Page MenuHomePhabricator

Ensure that thumbor uses output functions of tools rather than capturing stdout
Open, Needs TriagePublic

Description

In T334725 we encountered an issue where the output of a tool changed between versions (we also saw a different but very similar problem in T327887). This is unfortunate but is entirely to be expected when we expect tools to output binary output to stdout when -o or other output to file functions are available. We currently use a mix of writing to temporary files and capturing tool output.

Wherever possible we should avoid using stdout in tools and using canonical output-to-file functions. Of course, wherever we do this it is imperative that we clean up any temp files when work is complete or upon any exception cases.

Event Timeline

Writing to files, even in memory /tmp, is usually slower than writing directly to stdout. This is why upstream Thumbor, and our customizations, avoid it wherever possible.

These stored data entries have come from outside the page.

lemma ts_rho_le: "t \<in> T \<Longrightarrow> ts_rho T t \<le> t"
proof (cases "{s\<in>T. s < t} = {}")
  case True
  assume "t \<in> T"
  with True have "Inf T = t" by (intro cInf_eq_minimum) (auto simp: not_less)
  then show ?thesis using True by (simp add: ts_rho_def)
qed (auto simp: ts_rho_def intro!: cSup_least)

lemma ts_rho_ge: "s \<in> T \<Longrightarrow> s < t \<Longrightarrow> s \<le> ts_rho T t"
  unfolding ts_rho_def by (auto intro!: cSup_upper bdd_aboveI[where M = t])

lemma ts_lim_eq_at:
  assumes "(g \<longlongrightarrow> g t) (at t within T)"
  shows "ts_lim T g t = g t"
  using assms unfolding ts_lim_def by (auto intro!: tendsto_Lim simp: trivial_limit_within)

lemma ts_lim_const:
  assumes "t islimpt T" "\<And>s. s \<noteq> t \<Longrightarrow> g s = c"
  shows "ts_lim T g t = c"
proof -
  have "\<forall>\<^sub>F s in at t within T. g s = c"
    unfolding eventually_at_filter using assms(2) by (auto intro!: always_eventually)
  then have "(g \<longlongrightarrow> c) (at t within T)" by (simp add: tendsto_eventually)
  then show ?thesis using assms(1) unfolding ts_lim_def
    by (auto intro!: tendsto_Lim simp: trivial_limit_within)
qed

lemma has_delta_frac_deriv_left:
  assumes "has_delta_frac_deriv T \<alpha> f t D" "\<epsilon> > 0"
  obtains \<delta> where "\<delta> > 0" "\<And>s. s \<in> T \<Longrightarrow> t - \<delta> < s \<Longrightarrow> s \<le> t \<Longrightarrow>
    \<bar>(f (ts_sigma T t) - f s) - D * frpow \<alpha> (ts_sigma T t - s)\<bar> \<le> \<epsilon> * \<bar>ts_sigma T t - s\<bar> powr \<alpha>"
proof -
  obtain \<delta> where "\<delta> > 0" and "\<forall>s\<in>T.
      (if \<alpha> \<in> frac_A then t - \<delta> < s \<and> s < t + \<delta> else t - \<delta> < s \<and> s \<le> t) \<longrightarrow>
      \<bar>(f (ts_sigma T t) - f s) - D * frpow \<alpha> (ts_sigma T t - s)\<bar> \<le> \<epsilon> * \<bar>ts_sigma T t - s\<bar> powr \<alpha>"
    using assms unfolding has_delta_frac_deriv_def by blast
  then show ?thesis by (intro that[of \<delta>]) auto
qed

lemma has_nabla_frac_deriv_right:
  assumes "has_nabla_frac_deriv T \<alpha> f t D" "\<epsilon> > 0"
  obtains \<delta> where "\<delta> > 0" "\<And>s. s \<in> T \<Longrightarrow> t \<le> s \<Longrightarrow> s < t + \<delta> \<Longrightarrow>
    \<bar>(f s - f (ts_rho T t)) - D * frpow \<alpha> (s - ts_rho T t)\<bar> \<le> \<epsilon> * \<bar>s - ts_rho T t\<bar> powr \<alpha>"
proof -
  obtain \<delta> where "\<delta> > 0" and "\<forall>s\<in>T.
      (if \<alpha> \<in> frac_A then t - \<delta> < s \<and> s < t + \<delta> else t \<le> s \<and> s < t + \<delta>) \<longrightarrow>
      \<bar>(f s - f (ts_rho T t)) - D * frpow \<alpha> (s - ts_rho T t)\<bar> \<le> \<epsilon> * \<bar>s - ts_rho T t\<bar> powr \<alpha>"
    using assms unfolding has_nabla_frac_deriv_def by blast
  then show ?thesis by (intro that[of \<delta>]) auto
qed

lemma has_delta_frac_deriv_jump:
  assumes "t \<in> T" "has_delta_frac_deriv T \<alpha> f t D"
  shows "f (ts_sigma T t) - f t = D * frpow \<alpha> (ts_sigma T t - t)"
proof -
  have "\<bar>(f (ts_sigma T t) - f t) - D * frpow \<alpha> (ts_sigma T t - t)\<bar>
      \<le> \<epsilon> * \<bar>ts_sigma T t - t\<bar> powr \<alpha>" if \<epsilon>: "\<epsilon> > 0" for \<epsilon>
  proof -
    obtain \<delta> where "\<delta> > 0" and "\<And>s. s \<in> T \<Longrightarrow> t - \<delta> < s \<Longrightarrow> s \<le> t \<Longrightarrow>
        \<bar>(f (ts_sigma T t) - f s) - D * frpow \<alpha> (ts_sigma T t - s)\<bar> \<le> \<epsilon> * \<bar>ts_sigma T t - s\<bar> powr \<alpha>"
      using has_delta_frac_deriv_left[OF assms(2) \<epsilon>] by blast
    from this(2)[OF assms(1)] \<open>\<delta> > 0\<close> show ?thesis by simp
  qed
  from eq_0_if_abs_le_all_mult[OF this] show ?thesis by linarith
qed

lemma has_nabla_frac_deriv_jump:
  assumes "t \<in> T" "has_nabla_frac_deriv T \<alpha> f t D"
  shows "f t - f (ts_rho T t) = D * frpow \<alpha> (t - ts_rho T t)"
proof -
  have "\<bar>(f t - f (ts_rho T t)) - D * frpow \<alpha> (t - ts_rho T t)\<bar>
      \<le> \<epsilon> * \<bar>t - ts_rho T t\<bar> powr \<alpha>" if \<epsilon>: "\<epsilon> > 0" for \<epsilon>
  proof -
    obtain \<delta> where "\<delta> > 0" and "\<And>s. s \<in> T \<Longrightarrow> t \<le> s \<Longrightarrow> s < t + \<delta> \<Longrightarrow>
        \<bar>(f s - f (ts_rho T t)) - D * frpow \<alpha> (s - ts_rho T t)\<bar> \<le> \<epsilon> * \<bar>s - ts_rho T t\<bar> powr \<alpha>"
      using has_nabla_frac_deriv_right[OF assms(2) \<epsilon>] by blast
    from this(2)[OF assms(1)] \<open>\<delta> > 0\<close> show ?thesis by simp
  qed
  from eq_0_if_abs_le_all_mult[OF this] show ?thesis by linarith
qed

lemma has_sym_frac_deriv_ballI:
  assumes "\<And>\<epsilon>. \<epsilon> > 0 \<Longrightarrow> \<exists>r>0. \<forall>s\<in>T. 2 * t - s \<in> T \<longrightarrow> \<bar>s - t\<bar> < r \<longrightarrow>
    \<bar>(f (ts_sigma T t) - f s + f (2 * t - s) - f (ts_rho T t))
       - D * frpow \<alpha> (ts_sigma T t + 2 * t - 2 * s - ts_rho T t)\<bar>
      \<le> \<epsilon> * \<bar>ts_sigma T t + 2 * t - 2 * s - ts_rho T t\<bar> powr \<alpha>"
  shows "has_sym_frac_deriv T \<alpha> f t D"
  unfolding has_sym_frac_deriv_def
proof (intro allI impI)
  fix \<epsilon> :: real assume "\<epsilon> > 0"
  then obtain r where "r > 0" and r: "\<forall>s\<in>T. 2 * t - s \<in> T \<longrightarrow> \<bar>s - t\<bar> < r \<longrightarrow>
    \<bar>(f (ts_sigma T t) - f s + f (2 * t - s) - f (ts_rho T t))
       - D * frpow \<alpha> (ts_sigma T t + 2 * t - 2 * s - ts_rho T t)\<bar>
      \<le> \<epsilon> * \<bar>ts_sigma T t + 2 * t - 2 * s - ts_rho T t\<bar> powr \<alpha>"
    using assms by blast
  show "\<exists>V. open V \<and> t \<in> V \<and> (\<forall>s\<in>T \<inter> V. 2 * t - s \<in> T \<inter> V \<longrightarrow>
    \<bar>(f (ts_sigma T t) - f s + f (2 * t - s) - f (ts_rho T t))
       - D * frpow \<alpha> (ts_sigma T t + 2 * t - 2 * s - ts_rho T t)\<bar>
      \<le> \<epsilon> * \<bar>ts_sigma T t + 2 * t - 2 * s - ts_rho T t\<bar> powr \<alpha>)"
    using \<open>r > 0\<close> r by (intro exI[of _ "ball t r"]) (auto simp: dist_real_def abs_minus_commute)
qed

lemma sym_pair_dist_ge:
  assumes "s \<in> T" "2 * t - s \<in> T" "s \<noteq> t"
  shows "max (ts_sigma T t - t) (t - ts_rho T t) \<le> \<bar>s - t\<bar>"
proof -
  have *: "max (ts_sigma T t - t) (t - ts_rho T t) \<le> u - t" if "u \<in> T" "2 * t - u \<in> T" "t < u" for u
    using ts_sigma_le[of u T t] ts_rho_ge[of "2 * t - u" T t] that by simp
  show ?thesis
  proof (cases "t < s")
    case True
    then show ?thesis using *[of s] assms by simp
  next
    case False
    then show ?thesis using *[of "2 * t - s"] assms by simp
  qed
qed

lemma has_sym_frac_deriv_centre_only:
  assumes "r > 0" "\<And>s. s \<in> T \<Longrightarrow> 2 * t - s \<in> T \<Longrightarrow> \<bar>s - t\<bar> < r \<Longrightarrow> s = t"
    and "D * frpow \<alpha> (ts_sigma T t - ts_rho T t) = f (ts_sigma T t) - f (ts_rho T t)"
  shows "has_sym_frac_deriv T \<alpha> f t D"
proof (rule has_sym_frac_deriv_ballI)
  fix \<epsilon> :: real assume "\<epsilon> > 0"
  then show "\<exists>r>0. \<forall>s\<in>T. 2 * t - s \<in> T \<longrightarrow> \<bar>s - t\<bar> < r \<longrightarrow>
    \<bar>(f (ts_sigma T t) - f s + f (2 * t - s) - f (ts_rho T t))
       - D * frpow \<alpha> (ts_sigma T t + 2 * t - 2 * s - ts_rho T t)\<bar>
      \<le> \<epsilon> * \<bar>ts_sigma T t + 2 * t - 2 * s - ts_rho T t\<bar> powr \<alpha>"
  proof (intro exI[of _ r] conjI ballI impI)
    fix s assume "s \<in> T" "2 * t - s \<in> T" "\<bar>s - t\<bar> < r"
    then have "s = t" using assms(2) by blast
    then show "\<bar>(f (ts_sigma T t) - f s + f (2 * t - s) - f (ts_rho T t))
       - D * frpow \<alpha> (ts_sigma T t + 2 * t - 2 * s - ts_rho T t)\<bar>
      \<le> \<epsilon> * \<bar>ts_sigma T t + 2 * t - 2 * s - ts_rho T t\<bar> powr \<alpha>"
      using assms(3) \<open>\<epsilon> > 0\<close> by simp
  qed (rule assms(1))
qed

lemma gamma_scattered:
  assumes "t \<in> T" "ts_rho T t < ts_sigma T t" "\<alpha> > 0"
  shows "gamma1 T \<alpha> t = ((ts_sigma T t - t) / (ts_sigma T t - ts_rho T t)) powr \<alpha>"
    and "gamma2 T \<alpha> t = ((t - ts_rho T t) / (ts_sigma T t - ts_rho T t)) powr \<alpha>"
proof -
  define \<sigma> \<rho> where "\<sigma> = ts_sigma T t" and "\<rho> = ts_rho T t"
  have "\<rho> \<le> t" "t \<le> \<sigma>" "\<rho> < \<sigma>"
    using assms ts_sigma_ge ts_rho_le by (auto simp: \<sigma>_def \<rho>_def)
  have "((\<lambda>s. frpow \<alpha> ((\<sigma> - s) / (\<sigma> + 2 * t - 2 * s - \<rho>)))
      \<longlongrightarrow> frpow \<alpha> ((\<sigma> - t) / (\<sigma> + 2 * t - 2 * t - \<rho>))) (at t within T)"
    using \<open>t \<le> \<sigma>\<close> \<open>\<rho> < \<sigma>\<close> assms(3) by (intro tendsto_frpow_nonneg tendsto_intros) auto
  from ts_lim_eq_at[OF this] show "gamma1 T \<alpha> t = ((\<sigma> - t) / (\<sigma> - \<rho>)) powr \<alpha>"
    using \<open>t \<le> \<sigma>\<close> \<open>\<rho> < \<sigma>\<close> by (simp add: gamma1_def \<sigma>_def \<rho>_def frpow_nonneg)
  have "((\<lambda>s. frpow \<alpha> (((2 * t - s) - \<rho>) / (\<sigma> + 2 * t - 2 * s - \<rho>)))
      \<longlongrightarrow> frpow \<alpha> (((2 * t - t) - \<rho>) / (\<sigma> + 2 * t - 2 * t - \<rho>))) (at t within T)"
    using \<open>\<rho> \<le> t\<close> \<open>\<rho> < \<sigma>\<close> assms(3) by (intro tendsto_frpow_nonneg tendsto_intros) auto
  from ts_lim_eq_at[OF this] show "gamma2 T \<alpha> t = ((t - \<rho>) / (\<sigma> - \<rho>)) powr \<alpha>"
    using \<open>\<rho> \<le> t\<close> \<open>\<rho> < \<sigma>\<close> by (simp add: gamma2_def \<sigma>_def \<rho>_def frpow_nonneg)
qed

lemma gamma_dense:
  assumes "ts_sigma T t = t" "ts_rho T t = t" "t islimpt T"
  shows "gamma1 T \<alpha> t = (1/2) powr \<alpha>" and "gamma2 T \<alpha> t = (1/2) powr \<alpha>"
proof -
  have half: "frpow \<alpha> ((t - s) / (2 * t - 2 * s)) = (1/2) powr \<alpha>" if "t \<noteq> s" for s
  proof -
    have "(t - s) / (2 * t - 2 * s) = 1/2" using that by (simp add: field_simps)
    then show ?thesis by (simp only:) (simp add: frpow_nonneg)
  qed
  then show "gamma1 T \<alpha> t = (1/2) powr \<alpha>" "gamma2 T \<alpha> t = (1/2) powr \<alpha>"
    unfolding gamma1_def gamma2_def assms(1,2) by (auto intro!: ts_lim_const[OF assms(3)] half)
qed

lemma has_sym_frac_deriv_dense:
  assumes \<sigma>: "ts_sigma T t = t" and \<rho>: "ts_rho T t = t" and "\<alpha> > 0"
    and Dd: "has_delta_frac_deriv T \<alpha> f t Dd" and Dn: "has_nabla_frac_deriv T \<alpha> f t Dn"
  shows "has_sym_frac_deriv T \<alpha> f t ((1/2) powr \<alpha> * (Dd + Dn))"
proof (rule has_sym_frac_deriv_ballI)
  fix \<epsilon> :: real assume "\<epsilon> > 0"
  define err where "err s = (f t - f s + f (2 * t - s) - f t)
    - (1/2) powr \<alpha> * (Dd + Dn) * frpow \<alpha> (2 * (t - s))" for s
  obtain \<delta>1 where "\<delta>1 > 0" and left: "\<And>s. s \<in> T \<Longrightarrow> t - \<delta>1 < s \<Longrightarrow> s \<le> t \<Longrightarrow>
      \<bar>(f t - f s) - Dd * frpow \<alpha> (t - s)\<bar> \<le> \<epsilon>/2 * \<bar>t - s\<bar> powr \<alpha>"
    using has_delta_frac_deriv_left[OF Dd, of "\<epsilon>/2"] \<open>\<epsilon> > 0\<close> \<sigma> by auto
  obtain \<delta>2 where "\<delta>2 > 0" and right: "\<And>s. s \<in> T \<Longrightarrow> t \<le> s \<Longrightarrow> s < t + \<delta>2 \<Longrightarrow>
      \<bar>(f s - f t) - Dn * frpow \<alpha> (s - t)\<bar> \<le> \<epsilon>/2 * \<bar>s - t\<bar> powr \<alpha>"
    using has_nabla_frac_deriv_right[OF Dn, of "\<epsilon>/2"] \<open>\<epsilon> > 0\<close> \<rho> by auto
  have err_le: "\<bar>err s\<bar> \<le> \<epsilon> * \<bar>2 * (t - s)\<bar> powr \<alpha>"
    if s: "s \<in> T" "2 * t - s \<in> T" "t - min \<delta>1 \<delta>2 < s" "s \<le> t" for s
  proof -
    have "(1/2) powr \<alpha> * frpow \<alpha> (2 * (t - s)) = frpow \<alpha> (t - s)"
      by (subst frpow_mult_pos) (auto simp: mult.assoc[symmetric] powr_mult[symmetric])
    then have "err s = ((f t - f s) - Dd * frpow \<alpha> (t - s))
        + ((f (2 * t - s) - f t) - Dn * frpow \<alpha> ((2 * t - s) - t))"
      unfolding err_def by (simp add: algebra_simps)
    also have "\<bar>\<dots>\<bar> \<le> \<epsilon>/2 * \<bar>t - s\<bar> powr \<alpha> + \<epsilon>/2 * \<bar>(2 * t - s) - t\<bar> powr \<alpha>"
      using left[of s] right[of "2 * t - s"] s by (intro abs_triangle_ineq[THEN order_trans] add_mono) auto
    also have "\<dots> = 1 * (\<epsilon> * \<bar>t - s\<bar> powr \<alpha>)"
      by (simp add: abs_minus_commute)
    also have "\<dots> \<le> 2 powr \<alpha> * (\<epsilon> * \<bar>t - s\<bar> powr \<alpha>)"
      using \<open>\<epsilon> > 0\<close> \<open>\<alpha> > 0\<close> by (intro mult_right_mono ge_one_powr_ge_zero) auto
    also have "\<dots> = \<epsilon> * \<bar>2 * (t - s)\<bar> powr \<alpha>"
      unfolding abs_mult by (simp add: powr_mult)
    finally show ?thesis .
  qed
  have err_reflect: "err (2 * t - s) = - err s" for s
  proof -
    have "2 * (t - (2 * t - s)) = - (2 * (t - s))" by simp
    then show ?thesis unfolding err_def by (simp only: frpow_minus) simp
  qed
  show "\<exists>r>0. \<forall>s\<in>T. 2 * t - s \<in> T \<longrightarrow> \<bar>s - t\<bar> < r \<longrightarrow>
    \<bar>(f (ts_sigma T t) - f s + f (2 * t - s) - f (ts_rho T t))
       - (1/2) powr \<alpha> * (Dd + Dn) * frpow \<alpha> (ts_sigma T t + 2 * t - 2 * s - ts_rho T t)\<bar>
      \<le> \<epsilon> * \<bar>ts_sigma T t + 2 * t - 2 * s - ts_rho T t\<bar> powr \<alpha>"
  proof (intro exI[of _ "min \<delta>1 \<delta>2"] conjI ballI impI)
    show "min \<delta>1 \<delta>2 > 0" using \<open>\<delta>1 > 0\<close> \<open>\<delta>2 > 0\<close> by simp
    fix s assume s: "s \<in> T" "2 * t - s \<in> T" "\<bar>s - t\<bar> < min \<delta>1 \<delta>2"
    have "\<bar>err s\<bar> \<le> \<epsilon> * \<bar>2 * (t - s)\<bar> powr \<alpha>"
    proof (cases "s \<le> t")
      case True
      then show ?thesis using s by (intro err_le) auto
    next
      case False
      then have "\<bar>err (2 * t - s)\<bar> \<le> \<epsilon> * \<bar>2 * (t - (2 * t - s))\<bar> powr \<alpha>"
        using s by (intro err_le) auto
      then show ?thesis unfolding err_reflect by (simp add: abs_minus_commute)
    qed
    moreover have "t + 2 * t - 2 * s - t = 2 * (t - s)" by simp
    ultimately show "\<bar>(f (ts_sigma T t) - f s + f (2 * t - s) - f (ts_rho T t))
       - (1/2) powr \<alpha> * (Dd + Dn) * frpow \<alpha> (ts_sigma T t + 2 * t - 2 * s - ts_rho T t)\<bar>
      \<le> \<epsilon> * \<bar>ts_sigma T t + 2 * t - 2 * s - ts_rho T t\<bar> powr \<alpha>"
      unfolding \<sigma> \<rho> err_def by (simp only: mult.assoc)
  qed
qed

Writing to files, even in memory /tmp, is usually slower than writing directly to stdout. This is why upstream Thumbor, and our customizations, avoid it wherever possible.

I'd be interested to see how much slower it will make our operations in general though - relying on tool output seems brittle (as the issues linked have shown). We already make the tradeoff around storing files on disk vs in memory as one of our base differences from upstream Thumbor for scalability purposes. We already write to tempfiles for (at least) vips, svg, some exif operations, stl, thumbnail validity and a few other things.